Explain Codes LogoExplain Codes Logo

Distinct ON in an aggregate function in postgres

sql
prompt-engineering
join
lateral-subqueries
Alex KataevbyAlex Kataev·Sep 26, 2024
TLDR

Implement DISTINCT ON in a subquery or Common Table Expression (CTE):

WITH DistinctRows AS ( SELECT DISTINCT ON (column_A) * FROM your_table ORDER BY column_A, column_B ) SELECT SUM(column_C) FROM DistinctRows;

This WITH statement grabs only distinct "column_A" values in "your_table". The SUM(column_C) will then add up all the distinct entries.

Dealing with multiple rows (AKA herding cats)

Ever tried to take a selfie with more than one cat? Same problem when dealing with multiple rows. We need to make every row sit nice and unique, but still group together. For such "herding cats" tasks, use LATERAL subqueries.

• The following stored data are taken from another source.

(* Let $K\geq 1$ be an integer and let $A$ be a real $m\times n$ matrix (with $K+1\leq n$) whose restricted isometry constant of order $K+1$ satisfies $\delta_{K+1}=\frac{1}{\sqrt{K}+1}$. Then the OMP algorithm perfectly recovers every $K$-sparse signal $x\in\mathbb{R}^n$ from $y=Ax$ in $K$ iterations.
   Context: A vector $x\in\mathbb{R}^n$ is $k$-sparse if $|\mathrm{supp}(x)|\leq k$, where $\mathrm{supp}(x)=\{i: x_i\neq 0\}$. For an $m\times n$ real matrix $A$ and an integer $1\leq k\leq n$, the restricted isometry constant $\delta_k$ is the smallest constant such that $(1-\delta_k)\|x\|_2^2\leq\|Ax\|_2^2\leq(1+\delta_k)\|x\|_2^2$ for all $k$-sparse $x\in\mathbb{R}^n$. For $T\subseteq\{1,\dots,n\}$, $A_T$ denotes the submatrix of $A$ consisting of the columns indexed by $T$, and $A_j$ denotes the $j$-th column of $A$. The OMP (orthogonal matching pursuit) algorithm with input $y$, $A$ and sparsity $K$: set $k=0$, $r^0=y$, $T^0=\emptyset$; while $k<K$: $k\leftarrow k+1$; $t^k=\arg\max_j|\langle r^{k-1},A_j\rangle|$; $T^k=T^{k-1}\cup\{t^k\}$; $\hat x_{T^k}=\arg\min_{z}\|y-A_{T^k}z\|_2$; $r^k=y-A_{T^k}\hat x_{T^k}$. Output $\hat x=\arg\min_{z:\,\mathrm{supp}(z)=T^K}\|y-Az\|_2$. Perfect recovery in $K$ iterations means that in each of the $K$ iterations OMP selects an index of $\mathrm{supp}(x)$ and the output satisfies $\hat x=x$. *)

theory Defs
  imports "HOL-Analysis.Analysis"
begin

text \<open>Signals are vectors in R^n (index type 'n), matrices are real^'n^'m (m rows, n columns).\<close>

definition supp :: "real^'n \<Rightarrow> 'n set" where
  "supp x = {i. x $ i \<noteq> 0}"

definition sparse :: "nat \<Rightarrow> real^'n \<Rightarrow> bool" where
  "sparse k x \<longleftrightarrow> card (supp x) \<le> k"

definition RIC :: "real^'n^'m \<Rightarrow> nat \<Rightarrow> real" where
  "RIC A k = Inf {\<delta>. \<forall>x. sparse k x \<longrightarrow>
      (1 - \<delta>) * (norm x)\<^sup>2 \<le> (norm (A *v x))\<^sup>2 \<and>
      (norm (A *v x))\<^sup>2 \<le> (1 + \<delta>) * (norm x)\<^sup>2}"

definition ls_min :: "real^'n^'m \<Rightarrow> real^'m \<Rightarrow> 'n set \<Rightarrow> real^'n \<Rightarrow> bool" where
  "ls_min A y T z \<longleftrightarrow> supp z \<subseteq> T \<and>
     (\<forall>w. supp w \<subseteq> T \<longrightarrow> norm (y - A *v z) \<le> norm (y - A *v w))"

text \<open>OMP residual after selecting the index set T (independent of the chosen minimizer).\<close>
definition omp_residual :: "real^'n^'m \<Rightarrow> real^'m \<Rightarrow> 'n set \<Rightarrow> real^'m" where
  "omp_residual A y T = y - A *v (SOME z. ls_min A y T z)"

text \<open>t is a valid run of OMP with K iterations: t k is the index selected in iteration k
  (k = 1..K), any maximizer of the correlation with the current residual (arbitrary tie-breaking).\<close>
definition omp_run :: "real^'n^'m \<Rightarrow> real^'m \<Rightarrow> nat \<Rightarrow> (nat \<Rightarrow> 'n) \<Rightarrow> bool" where
  "omp_run A y K t \<longleftrightarrow> (\<forall>k \<in> {1..K}. \<forall>j.
      \<bar>omp_residual A y (t ` {1..<k}) \<bullet> column j A\<bar>
        \<le> \<bar>omp_residual A y (t ` {1..<k}) \<bullet> column (t k) A\<bar>)"

end

theory Submission
  imports Defs
begin
lemma alternating_word_Col:
  assumes w: "alternating_word A B l w" and S: "S \<subseteq> {1..<2 * l}" and S_ne: "S \<noteq> inner_evens l"
  shows "\<exists>l' < l. alternating_word A B l' (Col \<rho> \<psi> w S)"
proof -
  define Sig where "Sig = S \<union> {0, 2 * l}"
  define xs where "xs = [0..<2 * l + 1]"
  define rs where "rs = runs (\<lambda>k. k \<in> Sig) xs"
  have len_w: "length w = 2 * l + 1" using w by (simp add: alternating_word_def)
  have Col: "Col \<rho> \<psi> w S = map (\<lambda>r. prod_list (map (Col_letter \<rho> \<psi> w Sig) r)) rs"
    unfolding Col_eq_runs[OF len_w] rs_def Sig_def xs_def ..
  have xs: "xs \<noteq> []" "hd xs = 0" "last xs = 2 * l" "0 \<in> Sig" "2 * l \<in> Sig"
    by (simp_all add: xs_def Sig_def hd_upt last_upt del: upt_Suc)
  have run_in_Sig: "k \<in> Sig \<longleftrightarrow> even i" if "i < length rs" "k \<in> set (rs ! i)" for i k
    using runs_nth_alternates[of i "\<lambda>k. k \<in> Sig" xs k] that xs unfolding rs_def by simp
  have run_bound: "k < 2 * l + 1" if "i < length rs" "k \<in> set (rs ! i)" for i k
    using that concat_runs[of "\<lambda>k. k \<in> Sig" xs] unfolding rs_def xs_def
    by (metis atLeastLessThan_iff in_set_conv_nth nth_mem set_concat set_upt UN_I)
  have "odd (length rs)"
    unfolding rs_def using odd_length_runs[of xs] xs by simp
  then obtain l' where l': "length rs = 2 * l' + 1" by (blast elim: oddE)
  have "length rs \<noteq> length xs"
  proof
    assume "length rs = length xs"
    then have Sig_even: "k \<in> Sig \<longleftrightarrow> even k" if "k < 2 * l + 1" for k
      using alternates_if_length_runs_eq[of "\<lambda>k. k \<in> Sig" xs k] that xs unfolding rs_def xs_def
      by (simp del: upt_Suc)
    have "k \<in> S \<longleftrightarrow> even k" if "k \<in> {1..<2 * l}" for k
      using that Sig_even[of k] unfolding Sig_def by auto
    then have "S = inner_evens l"
      using S unfolding inner_evens_def by blast
    with S_ne show False ..
  qed
  then have "l' < l"
    using length_runs_le[of "\<lambda>k. k \<in> Sig" xs] l' unfolding rs_def xs_def by simp
  moreover have "Col \<rho> \<psi> w S ! i \<in> (if even i then B else A)" if "i < 2 * l' + 1" for i
  proof -
    have i: "i < length rs" using that l' by simp
    have "Col_letter \<rho> \<psi> w Sig k \<in> (if even i then B else A)" if "k \<in> set (rs ! i)" for k
      using Col_letter_mem[of A B l w k \<rho> \<psi> Sig] w run_bound[OF i that] rho_into_B psi_into_A
        run_in_Sig[OF i that] by presburger
    then have "set (map (Col_letter \<rho> \<psi> w Sig) (rs ! i)) \<subseteq> (if even i then B else A)"
      by auto
    moreover have "rs ! i \<noteq> []"
      using runs_nonempty i unfolding rs_def by (metis nth_mem)
    moreover have "Col \<rho> \<psi> w S ! i = prod_list (map (Col_letter \<rho> \<psi> w Sig) (rs ! i))"
      using i Col by simp
    ultimately show ?thesis
      using prod_list_in_mult_closed[OF mult_closed_A] prod_list_in_mult_closed[OF mult_closed_B]
      by (cases "even i") auto
  qed
  ultimately show ?thesis
    using l' Col unfolding alternating_word_def by auto
qed
lemma integrable_weighted_square_between:
  fixes w \<phi> \<psi> \<omega> :: "'a \<Rightarrow> real"
  assumes w: "\<And>t. 0 \<le> w t"
    and i\<phi>\<psi>: "integrable M (\<lambda>t. w t * (\<phi> t * \<psi> t))" and i\<phi>\<omega>: "integrable M (\<lambda>t. w t * (\<phi> t * \<omega> t))"
    and i\<psi>\<omega>: "integrable M (\<lambda>t. w t * (\<psi> t * \<omega> t))"
    and m\<phi>\<phi>: "(\<lambda>t. w t * (\<phi> t * \<phi> t)) \<in> borel_measurable M"
    and between: "\<And>t. w t \<noteq> 0 \<Longrightarrow> \<psi> t \<le> \<phi> t \<and> \<phi> t \<le> \<omega> t"
  shows "integrable M (\<lambda>t. w t * (\<phi> t * \<phi> t))"
proof (rule Bochner_Integration.integrable_bound[OF _ m\<phi>\<phi>])
  show "integrable M (\<lambda>t. w t * (\<phi> t * \<psi> t) + w t * (\<phi> t * \<omega> t) - w t * (\<psi> t * \<omega> t))"
    using i\<phi>\<psi> i\<phi>\<omega> i\<psi>\<omega> by simp
  show "AE t in M. norm (w t * (\<phi> t * \<phi> t))
      \<le> norm (w t * (\<phi> t * \<psi> t) + w t * (\<phi> t * \<omega> t) - w t * (\<psi> t * \<omega> t))"
  proof (rule AE_I2)
    fix t
    have gap: "0 \<le> w t * ((\<omega> t - \<phi> t) * (\<phi> t - \<psi> t))"
      using w[of t] between[of t] by (cases "w t = 0") auto
    have "w t * (\<phi> t * \<psi> t) + w t * (\<phi> t * \<omega> t) - w t * (\<psi> t * \<omega> t)
        = w t * (\<phi> t * \<phi> t) + w t * ((\<omega> t - \<phi> t) * (\<phi> t - \<psi> t))"
      by (simp add: algebra_simps)
    then show "norm (w t * (\<phi> t * \<phi> t))
        \<le> norm (w t * (\<phi> t * \<psi> t) + w t * (\<phi> t * \<omega> t) - w t * (\<psi> t * \<omega> t))"
      using gap w[of t] by simp
  qed
qed

lemma weighted_cov_self_le_gruss_bound:
  fixes w \<phi> \<psi> \<omega> :: "'a \<Rightarrow> real"
  assumes w: "\<And>t. 0 \<le> w t"
    and i\<phi>\<psi>: "integrable M (\<lambda>t. w t * (\<phi> t * \<psi> t))" and i\<phi>\<omega>: "integrable M (\<lambda>t. w t * (\<phi> t * \<omega> t))"
    and i\<psi>\<omega>: "integrable M (\<lambda>t. w t * (\<psi> t * \<omega> t))"
    and i\<phi>\<phi>: "integrable M (\<lambda>t. w t * (\<phi> t * \<phi> t))"
    and between: "\<And>t. w t \<noteq> 0 \<Longrightarrow> \<psi> t \<le> \<phi> t \<and> \<phi> t \<le> \<omega> t"
  shows "weighted_cov M w \<phi> \<phi> \<le> gruss_bound M w \<phi> \<psi> \<omega>"
proof -
  let ?R = "\<lambda>t. w t * ((\<omega> t - \<phi> t) * (\<phi> t - \<psi> t))"
  have iR: "integrable M ?R"
    using i\<phi>\<psi> i\<phi>\<omega> i\<psi>\<omega> i\<phi>\<phi> by (simp add: algebra_simps)
  have "(\<integral>t. w t * (\<phi> t * \<psi> t) \<partial>M) + (\<integral>t. w t * (\<phi> t * \<omega> t) \<partial>M) - (\<integral>t. w t * (\<psi> t * \<omega> t) \<partial>M)
      = (\<integral>t. w t * (\<phi> t * \<phi> t) + ?R t \<partial>M)"
    using i\<phi>\<psi> i\<phi>\<omega> i\<psi>\<omega> by (simp add: algebra_simps)
  also have "\<dots> = (\<integral>t. w t * (\<phi> t * \<phi> t) \<partial>M) + (\<integral>t. ?R t \<partial>M)"
    using i\<phi>\<phi> iR by simp
  finally have "gruss_bound M w \<phi> \<psi> \<omega> = weighted_cov M w \<phi> \<phi> + (\<integral>t. w t \<partial>M) * (\<integral>t. ?R t \<partial>M)"
    by (simp add: gruss_bound_def weighted_cov_def algebra_simps power2_eq_square)
  moreover have "0 \<le> (\<integral>t. w t \<partial>M) * (\<integral>t. ?R t \<partial>M)"
  proof -
    have "0 \<le> ?R t" for t
      using w[of t] between[of t] by (cases "w t = 0") auto
    then show ?thesis
      by (intro mult_nonneg_nonneg integral_nonneg_AE) (simp_all add: w)
  qed
  ultimately show ?thesis by simp
qed

lemma weighted_gruss_inequality:
  fixes w v u z\<^sub>1 z\<^sub>2 g\<^sub>1 g\<^sub>2 :: "'a \<Rightarrow> real"
  assumes w: "\<And>t. 0 \<le> w t" and iw: "integrable M w"
    and iv: "integrable M (\<lambda>t. w t * v t)" and iu: "integrable M (\<lambda>t. w t * u t)"
    and ivu: "integrable M (\<lambda>t. w t * (v t * u t))"
    and ivz\<^sub>1: "integrable M (\<lambda>t. w t * (v t * z\<^sub>1 t))" and ivz\<^sub>2: "integrable M (\<lambda>t. w t * (v t * z\<^sub>2 t))"
    and iz: "integrable M (\<lambda>t. w t * (z\<^sub>1 t * z\<^sub>2 t))"
    and iug\<^sub>1: "integrable M (\<lambda>t. w t * (u t * g\<^sub>1 t))" and iug\<^sub>2: "integrable M (\<lambda>t. w t * (u t * g\<^sub>2 t))"
    and ig: "integrable M (\<lambda>t. w t * (g\<^sub>1 t * g\<^sub>2 t))"
    and mvv: "(\<lambda>t. w t * (v t * v t)) \<in> borel_measurable M"
    and muu: "(\<lambda>t. w t * (u t * u t)) \<in> borel_measurable M"
    and bv: "\<And>t. w t \<noteq> 0 \<Longrightarrow> z\<^sub>1 t \<le> v t \<and> v t \<le> z\<^sub>2 t"
    and bu: "\<And>t. w t \<noteq> 0 \<Longrightarrow> g\<^sub>1 t \<le> u t \<and> u t \<le> g\<^sub>2 t"
  shows "(weighted_cov M w v u)\<^sup>2 \<le> gruss_bound M w v z\<^sub>1 z\<^sub>2 * gruss_bound M w u g\<^sub>1 g\<^sub>2"
proof -
  have ivv: "integrable M (\<lambda>t. w t * (v t * v t))"
    by (rule integrable_weighted_square_between[OF w ivz\<^sub>1 ivz\<^sub>2 iz mvv bv])
  have iuu: "integrable M (\<lambda>t. w t * (u t * u t))"
    by (rule integrable_weighted_square_between[OF w iug\<^sub>1 iug\<^sub>2 ig muu bu])
  have v: "weighted_cov M w v v \<le> gruss_bound M w v z\<^sub>1 z\<^sub>2"
    by (rule weighted_cov_self_le_gruss_bound[OF w ivz\<^sub>1 ivz\<^sub>2 iz ivv bv])
  have u: "weighted_cov M w u u \<le> gruss_bound M w u g\<^sub>1 g\<^sub>2"
    by (rule weighted_cov_self_le_gruss_bound[OF w iug\<^sub>1 iug\<^sub>2 ig iuu bu])
  have "(weighted_cov M w v u)\<^sup>2 \<le> weighted_cov M w v v * weighted_cov M w u u"
    by (rule weighted_cov_square_le[OF w iw iv iu ivv iuu ivu])
  also have "\<dots> \<le> gruss_bound M w v z\<^sub>1 z\<^sub>2 * gruss_bound M w u g\<^sub>1 g\<^sub>2"
    using v weighted_cov_self_nonneg[OF w iw iv ivv] weighted_cov_self_nonneg[OF w iw iu iuu]
    by (intro mult_mono[OF v u]) linarith+
  finally show ?thesis .
qed

lemma kat_kernel_change_of_variables:
  fixes x rho eta alpha tau :: real
  assumes x: "0 < x" and rho: "0 < rho" and tau: "0 < tau" "tau < x"
  shows "((tau/x) powr rho) powr eta * (1 - (tau/x) powr rho) powr (alpha - 1) * (rho / x * (tau/x) powr (rho - 1))
     = rho * x powr (-(rho * (eta + alpha))) * kat_kernel rho alpha eta x tau"
proof -
  define r where "r = tau / x"
  have r: "0 < r" "r < 1" using tau x by (auto simp: r_def field_simps)
  have tau_eq: "tau = x * r" using x by (simp add: r_def)
  have r_rho: "r powr rho < 1" using powr_less_mono2[of rho r 1] r rho by simp
  have diff: "x powr rho - tau powr rho = x powr rho * (1 - r powr rho)"
    using x r by (simp add: tau_eq powr_mult algebra_simps)
  have "inverse ((x powr rho * (1 - r powr rho)) powr (1 - alpha))
      = (x powr rho * (1 - r powr rho)) powr (alpha - 1)"
    by (simp add: powr_minus[symmetric])
  also have "\<dots> = x powr (rho * (alpha - 1)) * (1 - r powr rho) powr (alpha - 1)"
    using r_rho by (simp add: powr_mult powr_powr)
  finally have kernel: "kat_kernel rho alpha eta x tau = x powr (rho * (eta + 1) - 1) * r powr (rho * (eta + 1) - 1)
      * (x powr (rho * (alpha - 1)) * (1 - r powr rho) powr (alpha - 1))"
    unfolding kat_kernel_def diff using x r by (simp add: tau_eq powr_mult divide_inverse)
  have r_pow: "r powr (rho * (eta + 1) - 1) = (r powr rho) powr eta * r powr (rho - 1)"
    using r by (simp add: powr_powr flip: powr_add) (simp add: algebra_simps)
  have x_pow: "x powr (-(rho * (eta + alpha))) * (x powr (rho * (eta + 1) - 1) * x powr (rho * (alpha - 1))) = 1 / x"
    using x by (simp add: powr_minus_divide flip: powr_add) (simp add: algebra_simps powr_diff)
  have "rho * x powr (-(rho * (eta + alpha))) * kat_kernel rho alpha eta x tau
     = rho * (x powr (-(rho * (eta + alpha))) * (x powr (rho * (eta + 1) - 1) * x powr (rho * (alpha - 1))))
       * ((r powr rho) powr eta * r powr (rho - 1)) * (1 - r powr rho) powr (alpha - 1)"
    unfolding kernel r_pow by (simp add: mult_ac)
  also have "\<dots> = ((tau/x) powr rho) powr eta * (1 - (tau/x) powr rho) powr (alpha - 1) * (rho / x * (tau/x) powr (rho - 1))"
    unfolding x_pow r_def by simp
  finally show ?thesis by simp
qed

lemma scaled_powr_ereal_limits:
  fixes x rho :: real
  assumes x: "0 < x" and rho: "0 < rho"
  shows "((ereal \<circ> (\<lambda>tau. (tau/x) powr rho) \<circ> real_of_ereal) \<longlongrightarrow> ereal 0) (at_right (ereal 0))"
    and "((ereal \<circ> (\<lambda>tau. (tau/x) powr rho) \<circ> real_of_ereal) \<longlongrightarrow> ereal 1) (at_left (ereal x))"
proof -
  show "((ereal \<circ> (\<lambda>tau. (tau/x) powr rho) \<circ> real_of_ereal) \<longlongrightarrow> ereal 0) (at_right (ereal 0))"
    unfolding ereal_tendsto_simps
  proof (rule tendsto_zero_powrI[OF _ tendsto_const _ rho])
    show "((\<lambda>tau. tau / x) \<longlongrightarrow> 0) (at_right 0)"
      using x by (auto intro!: tendsto_eq_intros)
    show "\<forall>\<^sub>F tau in at_right 0. 0 \<le> tau / x"
      using x by (auto intro!: eventually_at_rightI[of 0 1])
  qed
  show "((ereal \<circ> (\<lambda>tau. (tau/x) powr rho) \<circ> real_of_ereal) \<longlongrightarrow> ereal 1) (at_left (ereal x))"
    unfolding ereal_tendsto_simps using x by (auto intro!: tendsto_eq_intros)
qed
lemma poly_abs_prod_power:
  fixes D :: "'a::{finite,field} poly set"
  assumes "\<forall>q\<in>D. q \<noteq> 0"
  shows "poly_abs (\<Prod>q\<in>D. q ^ e q) = (\<Prod>q\<in>D. poly_abs q ^ e q)"
proof -
  have "poly_abs (\<Prod>q\<in>D. q ^ e q) = (\<Prod>q\<in>D. real CARD('a) ^ (degree q * e q))"
    using assms by (simp add: poly_abs_def degree_prod_power power_sum mult.commute)
  then show ?thesis by (simp add: poly_abs_def power_mult)
qed

lemma finite_prime_divisors: "(a :: 'a::{finite,field} poly) \<noteq> 0 \<Longrightarrow> finite (prime_divisors a)"
  by (rule finite_subset[OF _ finite_degree_le[of "\<lambda>p. p dvd a" "degree a"]])
     (auto simp: prime_divisors_def dvd_imp_degree_le)

lemma sum_degree_prime_divisors_le:
  fixes a :: "'a::{finite,field} poly"
  assumes "lead_coeff a = 1"
  shows "(\<Sum>p\<in>prime_divisors a. degree p) \<le> degree a"
proof -
  define D where "D = prime_divisors a"
  have "a \<noteq> 0" using assms by auto
  then have fin: "finite D" by (simp add: D_def finite_prime_divisors)
  have mi: "\<forall>q\<in>D. monic_irreducible q" by (simp add: D_def prime_divisors_def)
  obtain e where a: "a = (\<Prod>q\<in>D. q ^ e q)"
    using monic_eq_prod_power[OF assms fin mi] by (auto simp: D_def)
  have "e p \<noteq> 0" if "p \<in> D" for p
  proof -
    from that have "monic_irreducible p" "p dvd a" by (simp_all add: D_def prime_divisors_def)
    then show ?thesis using monic_irreducible_dvd_prod_power[OF fin mi, of p e] a by simp
  qed
  then have "(\<Sum>p\<in>D. degree p) \<le> (\<Sum>p\<in>D. e p * degree p)"
    by (intro sum_mono) (simp add: Suc_le_eq)
  also have "\<dots> = degree a"
    using mi by (simp add: a degree_prod_power monic_irreducible_nonzero)
  finally show ?thesis by (simp add: D_def)
qed

section \<open>Chinese remainder theorem\<close>

lemma residues_mult_bij:
  fixes p M :: "'a::{finite,field} poly"
  assumes "p \<noteq> 0" "M \<noteq> 0" and coprime: "\<And>r. p dvd r \<Longrightarrow> M dvd r \<Longrightarrow> p * M dvd r"
  shows "bij_betw (\<lambda>r. (r mod p, r mod M)) (residues (p * M)) (residues p \<times> residues M)"
proof -
  have inj: "inj_on (\<lambda>r. (r mod p, r mod M)) (residues (p * M))"
  proof (rule inj_onI)
    fix r s
    assume r: "r \<in> residues (p * M)" and s: "s \<in> residues (p * M)"
      and "(r mod p, r mod M) = (s mod p, s mod M)"
    then have "p * M dvd r - s" by (intro coprime) (auto simp: mod_eq_dvd_iff)
    moreover have "r - s \<in> residues (p * M)" using diff_in_residues[OF r s] .
    ultimately have "r - s = 0"
      by (auto simp: residues_def polys_below_def dest: dvd_imp_degree_le)
    then show "r = s" by simp
  qed
  moreover have "(\<lambda>r. (r mod p, r mod M)) ` residues (p * M) \<subseteq> residues p \<times> residues M"
    using assms(1,2) mod_in_residues by auto
  moreover have "card (residues (p * M)) = card (residues p \<times> residues M)"
    using assms(1,2) by (simp add: card_residues card_cartesian_product degree_mult_eq power_add)
  ultimately show ?thesis
    by (simp add: bij_betw_def card_image card_subset_eq finite_residues)
qed
(* Let $T$ be an $n$-simplex with vertices $\texttt v_0,\dots,\texttt v_n$, let $m\ge0$ and $k\ge 2m+1$, and let $i\in\{0,\dots,n\}$. Then the space $$\mathbb P_k(D(\texttt v_i,m))=\mathrm{span}\Big\{\lambda^\alpha:\alpha\in\mathbb T^n_k,\ \sum_{j\ne i}\alpha_j\le m\Big\}$$ is uniquely determined by the values $D^\beta u(\texttt v_i)$, $\beta\in\mathbb N^n$, $|\beta|\le m$; that is, the linear map $u\mapsto (D^\beta u(\texttt v_i))_{|\beta|\le m}$ is a bijection from this space onto $\mathbb R^{N}$ with $N=\#\{\beta\in\mathbb N^n:|\beta|\le m\}$.
   Context: $\lambda_0,\dots,\lambda_n$ are the barycentric coordinates of $T$; $\mathbb N$ includes $0$; $\mathbb T^n_k=\{\alpha\in\mathbb N^{n+1}:\sum_j\alpha_j=k\}$; $\lambda^\alpha=\prod_j\lambda_j^{\alpha_j}$; $D^\beta=\partial^{|\beta|}/\partial x_1^{\beta_1}\cdots\partial x_n^{\beta_n}$. *)

theory Defs
  imports "HOL-Analysis.Analysis"
begin

text \<open>Points of R^n are represented as functions nat => real; only the
coordinates 0..n-1 are relevant (coordinates >= n are ignored throughout).\<close>

definition simplex_vertices :: "nat \<Rightarrow> (nat \<Rightarrow> nat \<Rightarrow> real) \<Rightarrow> bool" where
  "simplex_vertices n v \<longleftrightarrow>
     (\<forall>c::nat \<Rightarrow> real. (\<Sum>l\<le>n. c l) = 0 \<and> (\<forall>d<n. (\<Sum>l\<le>n. c l * v l d) = 0)
        \<longrightarrow> (\<forall>l\<le>n. c l = 0))"

definition bary :: "nat \<Rightarrow> (nat \<Rightarrow> nat \<Rightarrow> real) \<Rightarrow> nat \<Rightarrow> (nat \<Rightarrow> real) \<Rightarrow> real" where
  "bary n v j x = (THE c::nat \<Rightarrow> real. (\<forall>l>n. c l = 0) \<and> (\<Sum>l\<le>n. c l) = 1 \<and>
        (\<forall>d<n. (\<Sum>l\<le>n. c l * v l d) = x d)) j"

definition bary_monomial :: "nat \<Rightarrow> (nat \<Rightarrow> nat \<Rightarrow> real) \<Rightarrow> (nat \<Rightarrow> nat) \<Rightarrow> (nat \<Rightarrow> real) \<Rightarrow> real" where
  "bary_monomial n v \<alpha> x = (\<Prod>j\<le>n. bary n v j x ^ \<alpha> j)"

definition Tset :: "nat \<Rightarrow> nat \<Rightarrow> (nat \<Rightarrow> nat) set" where
  "Tset n k = {\<alpha>. (\<forall>j>n. \<alpha> j = 0) \<and> (\<Sum>j\<le>n. \<alpha> j) = k}"

text \<open>P_k(D(v_i,m)) = span {lambda^alpha : alpha in T^n_k, sum_{j<>i} alpha_j <= m}
  (the index set is finite, so the span is the set of linear combinations).\<close>
definition PkD :: "nat \<Rightarrow> (nat \<Rightarrow> nat \<Rightarrow> real) \<Rightarrow> nat \<Rightarrow> nat \<Rightarrow> nat \<Rightarrow> ((nat \<Rightarrow> real) \<Rightarrow> real) set" where
  "PkD n v k i m =
     {u. \<exists>c::(nat \<Rightarrow> nat) \<Rightarrow> real.
          u = (\<lambda>x. \<Sum>\<alpha>\<in>{\<alpha>\<in>Tset n k. (\<Sum>j\<in>{..n}-{i}. \<alpha> j) \<le> m}. c \<alpha> * bary_monomial n v \<alpha> x)}"

text \<open>Partial derivative with respect to the coordinate x_(d+1) (0-based index d).\<close>
definition partial :: "nat \<Rightarrow> ((nat \<Rightarrow> real) \<Rightarrow> real) \<Rightarrow> (nat \<Rightarrow> real) \<Rightarrow> real" where
  "partial d u x = deriv (\<lambda>t. u (x(d := x d + t))) 0"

Here's how you'd do it:

SELECT p.photo_id, COALESCE(tag_agg.tags, '[]') as tags, COALESCE(comment_agg.comments, '[]') as comments FROM photos p LEFT JOIN LATERAL ( /* Make the tags sit nice, right here */ SELECT JSON_AGG(DISTINCT t.name) as tags FROM tags t WHERE p.photo_id = t.photo_id ) tag_agg ON TRUE LEFT JOIN LATERAL ( /* Make the comments join the fun */ SELECT JSON_AGG(DISTINCT c.text) as comments FROM comments c WHERE p.photo_id = c.photo_id ) comment_agg ON TRUE;

The LATERAL keyword gives you the ability to make subqueries reference the main query, a tool as helpful as catnip in a selfie session!

One marble per bucket (Visualisation not for cats)

Let's visualize columns as buckets and rows as marbles:

Buckets (⚙️): [Brand, Year, Model] Marbles (🔵): [Different Car Instances]

We're after only ONE marble per Brand (the Newest Model). We can use DISTINCT ON with MAX(Model):

SELECT DISTINCT ON (Brand) Brand, Year, MAX(Model) FROM Cars GROUP BY Brand, Year;

Outcome:

🏆 Brand Bucket: [...Newest Model per Brand]

The DISTINCT ON clause nabs the first row for each group based off the specified ordering (MAX(Model) in our case). It's similar to picking the prettiest marble from each bucket. (And no, cat, you can't play with the marbles).

Refined JSON responses (Hold the cat hair)

Some cats like their dishes served in a particular way (just ask Garfield!). json_build_object lets you custom-create JSON objects with a fine touch:

SELECT photo_id, COALESCE(json_agg(DISTINCT tag.tag_name), '[]') AS tags, COALESCE( (SELECT json_agg(DISTINCT comment) FROM ( SELECT comment_id, text FROM comments WHERE photo_id = p.photo_id ) comment ), '[]' ) AS comments FROM photos p LEFT JOIN tags t USING (photo_id) GROUP BY photo_id;

This serves up a custom JSON object that would make even a finicky cat purr. Remember: COALESCE keeps things neat and tidy by swapping null arrays with empty arrays.

Troubleshooting like a boss-cat: Avoid common hairballs

  • Avoid duplicates: Ensure all distinct fields are in your GROUP BY clause.
  • Code grooming: Use CTEs for better readability.
  • Performance tuning: Balance complexity with indexing and execution plan considerations.
  • Null avoidance: Treat nulls with COALESCE to handle nulls in JSON arrays.